Commenting on the action, ClientEarth chief executive James Thornton, said: “The Federal Administrative Court’s ruling was unambiguous — German authorities have the power and the duty to restrict diesel to comply with air pollution law. Prolonging the inevitable is a breach of authorities’ legal duty to protect the people of Germany against harmful air pollution.

“Politicians must put people’s health first. Germany’s highest court has cleared the way for diesel restrictions. It’s time to stop pandering to industry, and start fighting for people instead.”

DUH chief executive, Jürgen Resch said: “How can it be that politicians at regional and national level are still failing to help the hundreds of thousands of people who are still breathing dirty air? Legal limits have been exceeded since 2010, but protests, complaints from citizens, EU legal action against Germany and the judgment from Germany’s own highest court, are all being ignored to cushion the diesel industry — at the cost of the health of countless people.

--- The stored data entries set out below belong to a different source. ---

text \<open>Symmetric space on [0,1]: a set S of measurable functions with a norm N
  (elements identified when equal a.e.), forming a Banach space, an ideal,
  and rearrangement invariant.\<close>
definition symmetric_space :: "(real \<Rightarrow> real) set \<Rightarrow> ((real \<Rightarrow> real) \<Rightarrow> real) \<Rightarrow> bool" where
  "symmetric_space S N \<longleftrightarrow>
     S \<subseteq> borel_measurable mu01 \<and>
     (\<lambda>t. 0) \<in> S \<and>
     (\<forall>x\<in>S. \<forall>y\<in>S. (\<lambda>t. x t + y t) \<in> S) \<and>
     (\<forall>x\<in>S. \<forall>c. (\<lambda>t. c * x t) \<in> S) \<and>
     (\<forall>x\<in>S. N x \<ge> 0) \<and>
     (\<forall>x\<in>S. N x = 0 \<longleftrightarrow> (AE t in mu01. x t = 0)) \<and>
     (\<forall>x\<in>S. \<forall>y\<in>S. N (\<lambda>t. x t + y t) \<le> N x + N y) \<and>
     (\<forall>x\<in>S. \<forall>c. N (\<lambda>t. c * x t) = \<bar>c\<bar> * N x) \<and>
     (\<forall>u :: nat \<Rightarrow> real \<Rightarrow> real. (\<forall>n. u n \<in> S) \<longrightarrow>
        (\<forall>e>0. \<exists>K. \<forall>m\<ge>K. \<forall>n\<ge>K. N (\<lambda>t. u m t - u n t) < e) \<longrightarrow>
        (\<exists>x\<in>S. (\<lambda>n. N (\<lambda>t. u n t - x t)) \<longlonglongrightarrow> 0)) \<and>
     (\<forall>x y. y \<in> S \<longrightarrow> x \<in> borel_measurable mu01 \<longrightarrow>
        (AE t in mu01. \<bar>x t\<bar> \<le> \<bar>y t\<bar>) \<longrightarrow> x \<in> S \<and> N x \<le> N y) \<and>
     (\<forall>x y. y \<in> S \<longrightarrow> x \<in> borel_measurable mu01 \<longrightarrow>
        equimeasurable x y \<longrightarrow> x \<in> S \<and> N x = N y)"

definition fundamental_function :: "((real \<Rightarrow> real) \<Rightarrow> real) \<Rightarrow> real \<Rightarrow> real" where
  "fundamental_function N t = N (indicator {0<..<t})"

definition classG :: "(real \<Rightarrow> real) \<Rightarrow> bool" where
  "classG \<phi> \<longleftrightarrow> (\<forall>t\<in>{0<..1}. \<phi> t > 0) \<and> mono_on {0<..1} \<phi> \<and> concave_on {0<..1} \<phi>"

definition tilde :: "(real \<Rightarrow> real) \<Rightarrow> real \<Rightarrow> real" where
  "tilde \<psi> t = t / \<psi> t"

text \<open>Marcinkiewicz functional (possibly infinite):
  for the weight w (w = tilde psi gives M(tilde psi)):
  sup over 0<t<=1 of (1/w t) * integral_0^t x*(s) ds.\<close>
definition marc_enorm :: "(real \<Rightarrow> real) \<Rightarrow> (real \<Rightarrow> real) \<Rightarrow> ennreal" where
  "marc_enorm w x = (SUP t\<in>{0<..1}. ennreal (1 / w t) *
        (\<integral>\<^sup>+ s\<in>{0<..<t}. ennreal (rearr x s) \<partial>lborel))"

definition marc_space :: "(real \<Rightarrow> real) \<Rightarrow> (real \<Rightarrow> real) set" where
  "marc_space \<psi> = {x \<in> borel_measurable mu01. marc_enorm \<psi> x < \<infinity>}"

definition marc_norm :: "(real \<Rightarrow> real) \<Rightarrow> (real \<Rightarrow> real) \<Rightarrow> real" where
  "marc_norm \<psi> x = enn2real (marc_enorm \<psi> x)"

definition pairwise_disjoint_seq :: "(nat \<Rightarrow> real \<Rightarrow> real) \<Rightarrow> bool" where
  "pairwise_disjoint_seq u \<longleftrightarrow> (\<forall>m n. m \<noteq> n \<longrightarrow> (AE t in mu01. u m t * u n t = 0))"

definition closed_span :: "(real \<Rightarrow> real) set \<Rightarrow> ((real \<Rightarrow> real) \<Rightarrow> real) \<Rightarrow> (nat \<Rightarrow> real \<Rightarrow> real)
    \<Rightarrow> (real \<Rightarrow> real) set" where
  "closed_span S N u = {x \<in> S. \<exists>v :: nat \<Rightarrow> real \<Rightarrow> real.
      (\<forall>k. \<exists>n c. v k = (\<lambda>t. \<Sum>i<n. c i * u i t)) \<and>
      (\<lambda>k. N (\<lambda>t. v k t - x t)) \<longlonglongrightarrow> 0}"

definition inclusion_DSS :: "(real \<Rightarrow> real) set \<Rightarrow> ((real \<Rightarrow> real) \<Rightarrow> real) \<Rightarrow> (real \<Rightarrow> real) \<Rightarrow> bool" where
  "inclusion_DSS S N \<psi> \<longleftrightarrow>
     \<not> (\<exists>u c. (\<forall>n. u n \<in> S \<and> \<not> (AE t in mu01. u n t = 0)) \<and> pairwise_disjoint_seq u \<and>
          c > 0 \<and> (\<forall>x\<in>closed_span S N u. c * N x \<le> marc_norm \<psi> x))"

end

theory Submission
  imports Defs
begin

text \<open>
  The key estimate is \<open>\<integral>\<^sub>0\<^sup>t x\<^sup>* \<le> t \<parallel>x\<parallel>\<^sub>E / \<phi>(t)\<close>. For a decreasing step function \<open>g\<close>
  supported in \<open>(0, t)\<close>, the \<open>n\<close> rotations of \<open>g\<close> by multiples of \<open>t/n\<close> are equimeasurable
  with \<open>g\<close>, and their sum is at least \<open>(n/t) \<integral> g - O(1)\<close> on \<open>(0, t)\<close>; comparing norms and
  letting \<open>n \<rightarrow> \<infinity>\<close> gives \<open>\<integral> g \<le> t \<parallel>g\<parallel>\<^sub>E / \<phi>(t)\<close>. Applied to step functions approximating
  \<open>x\<^sup>*\<close> from below, which are dominated by \<open>x\<close> up to rearrangement, this gives the estimate.

  If the support of \<open>x\<close> has measure \<open>\<delta>\<close>, then \<open>x\<^sup>*\<close> vanishes beyond \<open>\<delta>\<close>, and by concavity
  \<open>\<psi>(t)/t \<le> 2 \<psi>(\<delta>)/\<delta>\<close> for \<open>t > \<delta>\<close>; hence
  \<open>\<parallel>x\<parallel>\<^bsub>M(\<psi>\<^sup>~)\<^esub> \<le> 2 sup\<^bsub>s \<le> \<delta>\<^esub> (\<psi>(s)/\<phi>(s)) \<parallel>x\<parallel>\<^sub>E\<close>. With \<open>\<delta> = 1\<close> this is the embedding.
  Disjoint elements have supports whose measures sum to at most \<open>1\<close>, so one of them has small
  support, and its two norms have ratio at most \<open>2 sup\<^bsub>s \<le> \<delta>\<^esub> \<psi>(s)/\<phi>(s)\<close>, which is arbitrarily small:
  the inclusion is not an isomorphism on the span of any disjoint sequence.
\<close>

lemma sets_mu01I: "A \<in> sets borel \<Longrightarrow> A \<subseteq> {0..1} \<Longrightarrow> A \<in> sets mu01"
  unfolding sets_restrict_space
  by (metis image_eqI inf.absorb2 sets_completionI_sets sets_lborel)

lemma emeasure_mu01: "A \<in> sets borel \<Longrightarrow> A \<subseteq> {0..1} \<Longrightarrow> emeasure mu01 A = emeasure lborel A"
  by (subst emeasure_restrict_space) auto

lemma sets_mu01_subset: "A \<in> sets mu01 \<Longrightarrow> A \<subseteq> {0..1}"
  using sets.sets_into_space[of A mu01] by simp

lemma emeasure_mu01_le_1: "emeasure mu01 A \<le> 1"
proof -
  have "emeasure mu01 A \<le> emeasure mu01 (space mu01)" by (rule emeasure_space)
  also have "\<dots> = emeasure lborel {0..1::real}" by (simp add: emeasure_mu01)
  finally show ?thesis by simp
qed

lemma Ioo_in_sets_mu01: "a \<le> 1 \<Longrightarrow> {0<..<a} \<in> sets mu01"
  by (rule sets_mu01I) auto

lemma emeasure_mu01_Ioo: "0 \<le> a \<Longrightarrow> a \<le> 1 \<Longrightarrow> emeasure mu01 {0<..<a} = ennreal a"
  by (subst emeasure_mu01) auto

lemma level_set_in_sets_mu01:
  fixes x :: "real \<Rightarrow> real" and c :: real
  assumes "x \<in> borel_measurable mu01"
  shows "{s \<in> {0..1}. c < \<bar>x s\<bar>} \<in> sets mu01"
proof -
  have "(\<lambda>s. \<bar>x s\<bar>) \<in> borel_measurable mu01" using assms by measurable
  then have "{s \<in> space mu01. c < \<bar>x s\<bar>} \<in> sets mu01" unfolding borel_measurable_iff_greater by blast
  then show ?thesis by simp
qed

lemma distr_fun_le_1: "distr_fun x \<tau> \<le> 1"
  unfolding distr_fun_def by (rule emeasure_mu01_le_1)

lemma distr_fun_less_top: "distr_fun x \<tau> < top"
  using distr_fun_le_1[of x \<tau>] by (simp add: top.not_eq_extremum order_le_less_trans)

lemma ennreal_enn2real_distr_fun: "ennreal (enn2real (distr_fun x \<tau>)) = distr_fun x \<tau>"
  using distr_fun_less_top[of x \<tau>] by simp

lemma enn2real_distr_fun_le_1: "enn2real (distr_fun x \<tau>) \<le> 1"
  using enn2real_mono[OF distr_fun_le_1[of x \<tau>]] by simp

lemma distr_fun_antimono:
  assumes "x \<in> borel_measurable mu01" "\<tau> \<le> \<tau>'"
  shows "distr_fun x \<tau>' \<le> distr_fun x \<tau>"
  unfolding distr_fun_def
  by (rule emeasure_mono) (use assms level_set_in_sets_mu01 in auto)

lemma
  assumes "symmetric_space S N"
  shows ss_measurable: "x \<in> S \<Longrightarrow> x \<in> borel_measurable mu01"
    and ss_zero: "(\<lambda>t. 0) \<in> S"
    and ss_add: "x \<in> S \<Longrightarrow> y \<in> S \<Longrightarrow> (\<lambda>t. x t + y t) \<in> S"
    and ss_scale: "x \<in> S \<Longrightarrow> (\<lambda>t. c * x t) \<in> S"
    and ss_norm_nonneg: "x \<in> S \<Longrightarrow> N x \<ge> 0"
    and ss_norm_eq_0_iff: "x \<in> S \<Longrightarrow> N x = 0 \<longleftrightarrow> (AE t in mu01. x t = 0)"
    and ss_norm_triangle: "x \<in> S \<Longrightarrow> y \<in> S \<Longrightarrow> N (\<lambda>t. x t + y t) \<le> N x + N y"
    and ss_norm_scale: "x \<in> S \<Longrightarrow> N (\<lambda>t. c * x t) = \<bar>c\<bar> * N x"
    and ss_ideal: "y \<in> S \<Longrightarrow> x \<in> borel_measurable mu01 \<Longrightarrow>
        (AE t in mu01. \<bar>x t\<bar> \<le> \<bar>y t\<bar>) \<Longrightarrow> x \<in> S \<and> N x \<le> N y"
    and ss_equimeasurable: "y \<in> S \<Longrightarrow> x \<in> borel_measurable mu01 \<Longrightarrow>
        equimeasurable x y \<Longrightarrow> x \<in> S \<and> N x = N y"
proof -
  note defs = assms[unfolded symmetric_space_def]
  show "x \<in> S \<Longrightarrow> x \<in> borel_measurable mu01" using defs by (elim conjE) blast
  show "(\<lambda>t. 0) \<in> S" using defs by (elim conjE) assumption
  show "x \<in> S \<Longrightarrow> y \<in> S \<Longrightarrow> (\<lambda>t. x t + y t) \<in> S" using defs by (elim conjE) blast
  show "x \<in> S \<Longrightarrow> (\<lambda>t. c * x t) \<in> S" using defs by (elim conjE) blast
  show "x \<in> S \<Longrightarrow> N x \<ge> 0" using defs by (elim conjE) blast
  show "x \<in> S \<Longrightarrow> N x = 0 \<longleftrightarrow> (AE t in mu01. x t = 0)" using defs by (elim conjE) blast
  show "x \<in> S \<Longrightarrow> y \<in> S \<Longrightarrow> N (\<lambda>t. x t + y t) \<le> N x + N y" using defs by (elim conjE) blast
  show "x \<in> S \<Longrightarrow> N (\<lambda>t. c * x t) = \<bar>c\<bar> * N x" using defs by (elim conjE) blast
  show "y \<in> S \<Longrightarrow> x \<in> borel_measurable mu01 \<Longrightarrow>
      (AE t in mu01. \<bar>x t\<bar> \<le> \<bar>y t\<bar>) \<Longrightarrow> x \<in> S \<and> N x \<le> N y" using defs by (elim conjE) blast
  show "y \<in> S \<Longrightarrow> x \<in> borel_measurable mu01 \<Longrightarrow>
      equimeasurable x y \<Longrightarrow> x \<in> S \<and> N x = N y" using defs by (elim conjE) blast
qed

lemma ss_norm_zero: "symmetric_space S N \<Longrightarrow> N (\<lambda>t. 0) = 0"
  using ss_norm_eq_0_iff[of S N "\<lambda>t. 0"] ss_zero[of S N] by simp

lemma ss_sum:
  fixes n :: nat
  assumes ss: "symmetric_space S N" and F: "\<And>j. j < n \<Longrightarrow> F j \<in> S"
  shows "(\<lambda>s. \<Sum>j<n. F j s) \<in> S \<and> N (\<lambda>s. \<Sum>j<n. F j s) \<le> (\<Sum>j<n. N (F j))"
  using F
proof (induction n)
  case 0
  then show ?case using ss_zero[OF ss] ss_norm_zero[OF ss] by simp
next
  case (Suc n)
  then show ?case
    using ss_add[OF ss, of "\<lambda>s. \<Sum>j<n. F j s" "F n"] ss_norm_triangle[OF ss, of "\<lambda>s. \<Sum>j<n. F j s" "F n"]
    by simp
qed

definition step_fun :: "real \<Rightarrow> (nat \<Rightarrow> real set) \<Rightarrow> nat \<Rightarrow> real \<Rightarrow> real" where
  "step_fun \<epsilon> U M s = (\<Sum>i<M. \<epsilon> * indicator (U i) s)"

“We call on all those responsible for air quality in these 28 towns with illegal pollution to adopt all possible measures to ensure air quality complies with legal limits by Autumn 2018. If not, further legal action will follow this year.”

ClientEarth has previously led successful actions against the UK’s government’s air quality plans, including a recent case, which saw the government forced to widen the scope of its July 2017 plan, to include 33 additional authorities (see airqualitynews.com story).